Add 10 parts by weight of silanol condensation catalyst and 2.5 to 10 parts by weight of water to make a powder or slurry formulation, and apply the above formulation to the surface of a metal sheet.
After forming a layer of the compound by spraying or coating at a rate of 50 to 1000 g/ ^m2 , another metal sheet is superimposed on the surface of this layer of the compound, and the laminate is heated and pressurized. A method for manufacturing a metal composite sheet, characterized by: 2. A method for producing a metal composite sheet consisting of a metal sheet and a polyethylene resin sheet that are bonded to each other via a crosslinked polyethylene resin layer, the method comprising pulverizing pellets of water-crosslinkable polyethylene resin containing hydrolyzable organic silane. , particle size 0.3~0.8mm
A water-crosslinkable polyethylene resin powder is prepared, and 0.05 to 10 parts by weight of a silanol condensation catalyst and 2.5 to 10 parts by weight of water are added to the water-crosslinkable polyethylene resin powder based on 100 parts by weight of the powder. , a powder or slurry formulation is prepared, and the above formulation is sprayed or applied onto the surface of a metal sheet at a rate of 50 to 1000 g/m ² to form a layer of the formulation, and then a layer of this formulation is formed. A method for producing a metal composite sheet, which comprises laminating a polyethylene resin sheet on the surface of the metal composite sheet, and heating and pressing the laminate. 3. A method for producing a metal composite sheet consisting of a metal sheet, a polyethylene resin sheet, and a metal sheet sequentially bonded via crosslinked polyethylene resin layers, the method comprising: forming pellets of a water-crosslinkable polyethylene resin containing a hydrolyzable organic silane; is pulverized to produce a water-crosslinkable polyethylene resin powder with a particle size of 0.3 to 0.8 mm, and to this water-crosslinkable polyethylene resin powder, 0.05 to 10 parts by weight of a silanol condensation catalyst and 2.5 parts by weight per 100 parts by weight of the powder are added. ~10 parts by weight of water to make a powder or slurry formulation, and apply 50~10 parts of the above formulation on the surface of a metal sheet.

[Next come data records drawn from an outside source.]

definition gate_at :: "'a list \<Rightarrow> 'a \<Rightarrow> nat \<Rightarrow> bool" where
  "gate_at P z i \<longleftrightarrow> i < length P \<and> (\<forall>j<length P. d z (P ! j) = d z (P ! i) + d (P ! i) (P ! j))"

lemma gate_atD:
  "gate_at P z i \<Longrightarrow> j < length P \<Longrightarrow> d z (P ! j) = d z (P ! i) + d (P ! i) (P ! j)"
  unfolding gate_at_def by blast

lemma gate_at_less: "gate_at P z i \<Longrightarrow> i < length P"
  unfolding gate_at_def by blast

lemma gate_exists:
  assumes P: "is_path V E P" and z: "z \<in> V"
  shows "\<exists>i. gate_at P z i"
proof -
  \<comment> \<open>A vertex of P nearest to z is its gate: z lies on the near side of the first edge from it towards any other vertex of P.\<close>
  obtain i where i: "i < length P" "\<And>j. j < length P \<Longrightarrow> d z (P ! i) \<le> d z (P ! j)"
    using ex_has_least_nat[of "\<lambda>i. i < length P" 0 "\<lambda>i. d z (P ! i)"] P unfolding is_path_def by auto
  have "d z (P ! j) = d z (P ! i) + d (P ! i) (P ! j)" if j: "j < length P" "j \<noteq> i" for j
  proof -
    define i' where "i' = (if i < j then Suc i else i - 1)"
    have i': "i' < length P" "{P ! i, P ! i'} \<in> E"
      using j i(1) is_path_edge[OF P, of i] is_path_edge[OF P, of "i - 1"]
      by (auto simp: i'_def insert_commute)
    have step: "d (P ! i) (P ! j) = Suc (d (P ! i') (P ! j))"
      using j i(1) path_gdist[OF P, of i j] path_gdist[OF P, of i' j]
        path_gdist[OF P, of j i] path_gdist[OF P, of j i']
      by (auto simp: i'_def gdist_sym)
    have "d (P ! i) z < d (P ! i') z"
      using gdist_edge_cases[OF i'(2) z] i(2)[OF i'(1)] by (auto simp: gdist_sym)
    then have "d z (P ! j) = d z (P ! i) + 1 + d (P ! i') (P ! j)"
      using gdist_through_edge[OF i'(2) z is_path_nth[OF P j(1)]] step by simp
    then show ?thesis
      using step by simp
  qed
  then show ?thesis
    using i(1) unfolding gate_at_def by (metis add_0_right gdist_self)
qed

definition on_side :: "'a \<Rightarrow> 'a \<Rightarrow> 'a set \<Rightarrow> bool" where
  "on_side u v S \<longleftrightarrow> (\<forall>z\<in>S. d u z < d v z)"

After spraying or coating at a rate of 1000 g/m ² to form a layer of the compound, a polyethylene resin sheet is superimposed on the surface of the layer of this compound, and a layer of the above compound is further placed on the surface of this polyethylene resin sheet. After forming 1, on the surface of the layer of this formulation,
A method for producing a metal composite sheet, which is characterized by stacking two metal sheets on top of each other and heating and pressing the laminate.